lemma clade_prob_eq_formula:
  "clade_state i P \<Longrightarrow> card P \<le> Suc f \<Longrightarrow> clade_prob f i P k = clade_prob_formula i k P"
proof (induction f arbitrary: P)
  case 0
  then have "P = {{i}}" using card_le_Suc0_iff_eq[of P] unfolding clade_state_def by auto
  then show ?case by (simp add: clade_prob_formula_singleton)
next
  case (Suc f)
  have fP: "finite P" and iP: "{i} \<in> P" using Suc.prems(1) unfolding clade_state_def by auto
  show ?case
  proof (cases "card P \<le> 1")
    case True
    then have "P = {{i}}" using card_le_Suc0_iff_eq[OF fP] iP by auto
    moreover have "mergers {{i}} = {}" unfolding mergers_def subset_singleton_iff by auto
    ultimately show ?thesis by (simp add: clade_prob_formula_singleton)
  next
    case False
    then have P2: "2 \<le> card P" by simp
    have IH: "clade_prob f i ((P - S) \<union> {\<Union>S}) k = clade_prob_formula i k ((P - S) \<union> {\<Union>S})"
      if "S \<in> mergers P" "{i} \<notin> S" for S
    proof -
      have S: "S \<subseteq> P - {{i}}" "2 \<le> card S" using that unfolding mergers_def by auto
      have SP: "S \<subseteq> P" using S(1) by blast
      have "card ((P - S) \<union> {\<Union>S}) = card P + 1 - card S"
        by (rule card_merge[OF fP SP Union_merger_notin[OF Suc.prems(1) SP S(2)]])
      then have "card ((P - S) \<union> {\<Union>S}) \<le> Suc f" using S(2) Suc.prems(2) by linarith
      then show ?thesis using clade_state_merge[OF Suc.prems(1) S] by (intro Suc.IH)
    qed
    show ?thesis
      unfolding clade_prob.simps clade_prob_formula_rec[OF Suc.prems(1) P2] using IH
      by (intro sum.cong refl) auto
  qed
qed

lemma card_Union_insert_singletons:
  assumes L: "L \<subseteq> (\<lambda>x. {x}) ` {1..(n::nat)} - {{i}}"
  shows "card (\<Union>(insert {i} L)) = card L + 1"
proof -
  have fL: "finite L" using L by (rule finite_subset) simp
  have sing: "\<forall>B\<in>L. \<exists>x. B = {x}" using L by auto
  have "card (\<Union>L) = sum card L"
    using fL sing by (intro card_Union_disjoint) (auto simp: pairwise_def disjnt_def)
  also have "\<dots> = (\<Sum>B\<in>L. 1)" using sing by (intro sum.cong refl) auto
  also have "\<dots> = card L" by simp
  finally have c: "card (\<Union>L) = card L" .
  have "i \<notin> \<Union>L" using L by auto
  moreover have "finite (\<Union>L)" using fL sing by auto
  ultimately show ?thesis using c by simp
qed

lemma clade_prob_singletons:
  assumes n: "n \<ge> 2" and i: "i \<in> {1..n}" and j: "1 \<le> j" "j \<le> n - 1"
  shows "clade_prob n i ((\<lambda>x. {x}) ` {1..n}) (j + 1) = mean_inv_Suc_tables (n - 1 - j) / real j"
proof -
  define P0 where "P0 = (\<lambda>x. {x}) ` {1..n}"
  define Q0 where "Q0 = P0 - {{i}}"
  have g: "clade_state i P0" unfolding clade_state_def P0_def using i by auto
  have cP0: "card P0 = n" unfolding P0_def by (subst card_image) (auto simp: inj_on_def)
  have fQ0: "finite Q0" unfolding Q0_def P0_def by simp
  have cQ0: "card Q0 = n - 1" unfolding Q0_def using cP0 i by (simp add: P0_def card_Diff_singleton)
  have "clade_prob n i P0 (j + 1) = clade_prob_formula i (j + 1) P0"
    using clade_prob_eq_formula[OF g] cP0 by simp
  also have "\<dots> = (\<Sum>L\<in>Pow Q0. if card L = j then absorb_prob n j else 0)"
    unfolding clade_prob_formula_def cP0 Q0_def
  proof (rule sum.cong[OF refl])
    fix L assume "L \<in> Pow (P0 - {{i}})"
    then have "card (\<Union>(insert {i} L)) = card L + 1" unfolding P0_def by (intro card_Union_insert_singletons) auto
    then show "absorb_prob n (card L) * clade_size_ind i (j + 1) L = (if card L = j then absorb_prob n j else 0)" unfolding clade_size_ind_def by simp
  qed
  also have "\<dots> = real (card {L. L \<subseteq> Q0 \<and> card L = j}) * absorb_prob n j"
    using fQ0 by (simp add: sum.If_cases Int_def)
  also have "\<dots> = real ((n - 1) choose j) * absorb_prob n j" using n_subsets[OF fQ0] cQ0 by simp
  also have "\<dots> = mean_inv_Suc_tables (n - 1 - j) / real j"
  proof -
    have a: "(fact j :: real) * fact (n - 1 - j) * real ((n - 1) choose j) = fact (n - 1)"
      using binomial_fact_lemma[OF j(2)] by (metis of_nat_fact of_nat_mult)
    have fj: "(fact j :: real) = real j * fact (j - 1)" using j by (simp add: fact_reduce)
    have jn: "j \<noteq> 0" using j by simp
    show ?thesis unfolding absorb_prob_def using jn a fj
      by (simp add: field_simps)
  qed
  finally show ?thesis unfolding P0_def .
qed

lemma minclade_prob_eq:
  assumes n: "n \<ge> 2" and j: "1 \<le> j" "j \<le> n - 1"
  shows "minclade_prob n (j + 1) = mean_inv_Suc_tables (n - 1 - j) / real j"
  unfolding minclade_prob_def using clade_prob_singletons[OF n _ j] n by simp

section \<open>Bernoulli and composition representations\<close>

lemma pmf_expectation_bind_finite:
  fixes h :: "'b \<Rightarrow> real"
  assumes "finite (set_pmf p)" "\<And>x. x \<in> set_pmf p \<Longrightarrow> finite (set_pmf (f x))"
  shows "measure_pmf.expectation (p \<bind> f) h = measure_pmf.expectation p (\<lambda>x. measure_pmf.expectation (f x) h)"
  using assms by (subst pmf_expectation_bind[of "set_pmf p"]) (auto simp: integral_measure_pmf[of "set_pmf p"] mult.commute)

lemma pmf_expectation_cong:
  fixes f g :: "'a \<Rightarrow> real"
  assumes "\<And>x. x \<in> set_pmf p \<Longrightarrow> f x = g x"
  shows "measure_pmf.expectation p f = measure_pmf.expectation p g"
  using assms by (intro integral_cong_AE) (auto simp: AE_measure_pmf_iff)

lemma sum_tables_prob_Suc: "(\<Sum>k=0..Suc m. tables_prob (Suc m) k * g k) = (\<Sum>k=0..m. tables_prob m k * ((g (Suc k) + real m * g k) / real (Suc m)))"
proof -
  have "(\<Sum>k=0..Suc m. tables_prob (Suc m) k * g k) = (\<Sum>k=0..Suc m. (real m * tables_prob m k * g k + tables_prob_shift m k * g k) / real (Suc m))"
    by (intro sum.cong refl) (simp add: tables_prob_shift_def field_simps)
  also have "\<dots> = ((\<Sum>k=0..Suc m. real m * tables_prob m k * g k) + (\<Sum>k=0..Suc m. tables_prob_shift m k * g k)) / real (Suc m)"
    by (simp only: add_divide_distrib sum.distrib sum_divide_distrib)
  also have "(\<Sum>k=0..Suc m. real m * tables_prob m k * g k) = (\<Sum>k=0..m. real m * tables_prob m k * g k)"
    by (simp add: tables_prob_eq_0)
  also have "(\<Sum>k=0..Suc m. tables_prob_shift m k * g k) = (\<Sum>k=0..m. tables_prob m k * g (Suc k))"
    by (subst sum.atLeast0_atMost_Suc_shift) (simp add: tables_prob_shift_def)
  finally show ?thesis
    by (simp add: sum_divide_distrib[symmetric] sum.distrib[symmetric] field_simps)
qed

lemma finite_set_pmf_bern_seq: "finite (set_pmf (bern_seq m))"
  unfolding bern_seq_def
  by (rule finite_subset[OF set_Pi_pmf_subset']) (auto intro!: finite_PiE_dflt)

lemma expectation_bern_seq_sum:
  fixes g :: "real \<Rightarrow> real"
  shows "measure_pmf.expectation (bern_seq m) (\<lambda>b. g (\<Sum>i=1..m. if b i then 1 else 0))
       = (\<Sum>k=0..m. tables_prob m k * g (real k))"
proof (induction m arbitrary: g)
  case 0
  show ?case by (simp add: bern_seq_def)
next
  case (Suc m)
  let ?p = "\<lambda>i. bernoulli_pmf (1 / real i)"
  have "bern_seq (Suc m) = bernoulli_pmf (1 / real (Suc m)) \<bind> (\<lambda>y. bern_seq m \<bind> (\<lambda>f. return_pmf (f(Suc m := y))))"
  proof -
    have e: "{1..Suc m} = insert (Suc m) {1..m}" by auto
    show ?thesis unfolding bern_seq_def e by (subst Pi_pmf_insert') auto
  qed
  then have "measure_pmf.expectation (bern_seq (Suc m)) (\<lambda>b. g (\<Sum>i=1..Suc m. if b i then 1 else 0))
     = measure_pmf.expectation (bernoulli_pmf (1 / real (Suc m)))
         (\<lambda>y. measure_pmf.expectation (bern_seq m) (\<lambda>f. g (\<Sum>i=1..Suc m. if (f(Suc m := y)) i then 1 else 0)))"
    using finite_set_pmf_bern_seq by (simp add: pmf_expectation_bind_finite)
  also have "\<dots> = measure_pmf.expectation (bernoulli_pmf (1 / real (Suc m)))
         (\<lambda>y. measure_pmf.expectation (bern_seq m) (\<lambda>f. g ((\<Sum>i=1..m. if f i then 1 else 0) + (if y then 1 else 0))))"
    by (simp add: sum.cl_ivl_Suc)
  also have "\<dots> = (\<Sum>k=0..m. tables_prob m k * g (real k + 1)) * (1 / real (Suc m)) + (\<Sum>k=0..m. tables_prob m k * g (real k)) * (1 - 1 / real (Suc m))"
    using Suc.IH[of "\<lambda>x. g (x + 1)"] Suc.IH[of g] by simp
  also have "\<dots> = (\<Sum>k=0..m. tables_prob m k * ((g (real (Suc k)) + real m * g (real k)) / real (Suc m)))"
  proof -
    have "(\<Sum>k=0..m. tables_prob m k * ((g (real (Suc k)) + real m * g (real k)) / real (Suc m)))
        = (\<Sum>k=0..m. tables_prob m k * g (real k + 1) * (1 / real (Suc m)) + tables_prob m k * g (real k) * (real m / real (Suc m)))"
      by (intro sum.cong refl) (simp add: add_divide_distrib algebra_simps)
    moreover have "1 - 1 / real (Suc m) = real m / real (Suc m)" by (simp add: field_simps)
    ultimately show ?thesis by (simp add: sum.distrib sum_distrib_right sum_divide_distrib)
  qed
  also have "\<dots> = (\<Sum>k=0..Suc m. tables_prob (Suc m) k * g (real k))"
    by (rule sum_tables_prob_Suc[symmetric])
  finally show ?case .
qed

lemma finite_Delta_set: "finite (Delta_set m k)"
  unfolding Delta_set_def by (rule finite_subset[of _ "{1..k} \<rightarrow>\<^sub>E {1..m}"]) (auto intro: finite_PiE)

lemma Delta_set_0: "Delta_set m 0 = (if m = 0 then {\<lambda>_. undefined} else {})"
  unfolding Delta_set_def by auto

lemma sum_Delta_set_eq_tables_prob: "(\<Sum>v\<in>Delta_set m k. 1 / (\<Prod>i=1..k. real (v i))) = fact k * tables_prob m k"
proof (induction k arbitrary: m)
  case 0
  show ?case by (simp add: Delta_set_0 tables_prob_0)
next
  case (Suc k)
  let ?S = "Sigma {1..m} (\<lambda>r. Delta_set (m - r) k)"
  have bij: "(\<Sum>v\<in>Delta_set m (Suc k). 1 / (\<Prod>i=1..Suc k. real (v i)))
      = (\<Sum>p\<in>?S. 1 / ((\<Prod>i=1..k. real (snd p i)) * real (fst p)))"
  proof (rule sum.reindex_bij_witness[where j = "\<lambda>v. (v (Suc k), restrict v {1..k})" and i = "\<lambda>p. (snd p)(Suc k := fst p)"])
    fix v assume v: "v \<in> Delta_set m (Suc k)"
    then have vP: "v \<in> {1..Suc k} \<rightarrow>\<^sub>E {1..m}" and vs: "(\<Sum>i=1..Suc k. v i) = m" unfolding Delta_set_def by auto
    show "(snd (v (Suc k), restrict v {1..k}))(Suc k := fst (v (Suc k), restrict v {1..k})) = v"
      using vP by (auto simp: restrict_def PiE_def extensional_def fun_eq_iff)
    have s2: "(\<Sum>i=1..k. v i) = m - v (Suc k)" using vs by (simp add: sum.cl_ivl_Suc)
    have le: "\<And>i. i \<in> {1..k} \<Longrightarrow> v i \<le> m - v (Suc k)"
      unfolding s2[symmetric] by (rule member_le_sum) auto
    have r: "v (Suc k) \<in> {1..m}" using vP by auto
    show "(v (Suc k), restrict v {1..k}) \<in> ?S"
      using r vP le s2 unfolding Delta_set_def by (auto simp: PiE_def Pi_def)
    have "(\<Prod>i=1..Suc k. real (v i)) = (\<Prod>i=1..k. real (v i)) * real (v (Suc k))"
      by (simp add: prod.cl_ivl_Suc)
    then show "1 / ((\<Prod>i=1..k. real (snd (v (Suc k), restrict v {1..k}) i)) * real (fst (v (Suc k), restrict v {1..k})))
        = 1 / (\<Prod>i=1..Suc k. real (v i))"
      by simp
  next
    fix p assume p: "p \<in> ?S"
    obtain r w where pw: "p = (r, w)" by (cases p)
    have r: "r \<in> {1..m}" and w: "w \<in> {1..k} \<rightarrow>\<^sub>E {1..m - r}" and ws: "(\<Sum>i=1..k. w i) = m - r"
      using p unfolding pw Delta_set_def by auto
    have ext: "restrict w {1..k} = w" using w by (simp add: PiE_def extensional_restrict)
    have "restrict (w(Suc k := r)) {1..k} = restrict w {1..k}" by (auto simp: restrict_def fun_eq_iff)
    then show "(((snd p)(Suc k := fst p)) (Suc k), restrict ((snd p)(Suc k := fst p)) {1..k}) = p"
      unfolding pw using ext by simp
    have "(\<Sum>i=1..Suc k. (w(Suc k := r)) i) = (\<Sum>i=1..k. w i) + r"
      by (simp add: sum.cl_ivl_Suc)
    then have "(\<Sum>i=1..Suc k. (w(Suc k := r)) i) = m" using ws r by simp
    moreover have "w(Suc k := r) \<in> {1..Suc k} \<rightarrow>\<^sub>E {1..m}"
      using w r by (auto simp: PiE_def Pi_def extensional_def)
    ultimately show "(snd p)(Suc k := fst p) \<in> Delta_set m (Suc k)" unfolding pw Delta_set_def by simp
  qed
  also have "\<dots> = (\<Sum>r=1..m. \<Sum>w\<in>Delta_set (m - r) k. 1 / ((\<Prod>i=1..k. real (w i)) * real r))"
    by (subst sum.Sigma) (auto simp: finite_Delta_set split_def)
  also have "\<dots> = (\<Sum>r=1..m. fact k * tables_prob (m - r) k / real r)"
  proof (rule sum.cong[OF refl])
    fix r assume "r \<in> {1..m}"
    have "(\<Sum>w\<in>Delta_set (m - r) k. 1 / ((\<Prod>i=1..k. real (w i)) * real r))
        = (\<Sum>w\<in>Delta_set (m - r) k. 1 / (\<Prod>i=1..k. real (w i))) / real r"
      by (simp add: sum_divide_distrib)
    then show "(\<Sum>w\<in>Delta_set (m - r) k. 1 / ((\<Prod>i=1..k. real (w i)) * real r)) = fact k * tables_prob (m - r) k / real r"
      using Suc.IH[of "m - r"] by simp
  qed
  also have "\<dots> = fact k * (\<Sum>r=1..m. tables_prob_shift (m - r) (Suc k) / real r)"
    by (simp add: sum_distrib_left tables_prob_shift_def)
  also have "\<dots> = fact k * (real (Suc k) * tables_prob m (Suc k))"
    using index_mult_tables_prob[of "Suc k" m] by simp
  also have "\<dots> = fact (Suc k) * tables_prob m (Suc k)" by simp
  finally show ?case .
qed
# # # # #
WHAT YOU SHOULD DO: List the lines of the records where "thesis" occurs.

TASK OUTPUT:
    ultimately show ?thesis by (simp add: clade_prob_formula_singleton)
      then show ?thesis using clade_state_merge[OF Suc.prems(1) S] by (intro Suc.IH)
    show ?thesis
  ultimately show ?thesis using c by simp
    show ?thesis unfolding absorb_prob_def using jn a fj
  finally show ?thesis unfolding P0_def .
  finally show ?thesis
    show ?thesis unfolding bern_seq_def e by (subst Pi_pmf_insert') auto
    ultimately show ?thesis by (simp add: sum.distrib sum_distrib_right sum_divide_distrib)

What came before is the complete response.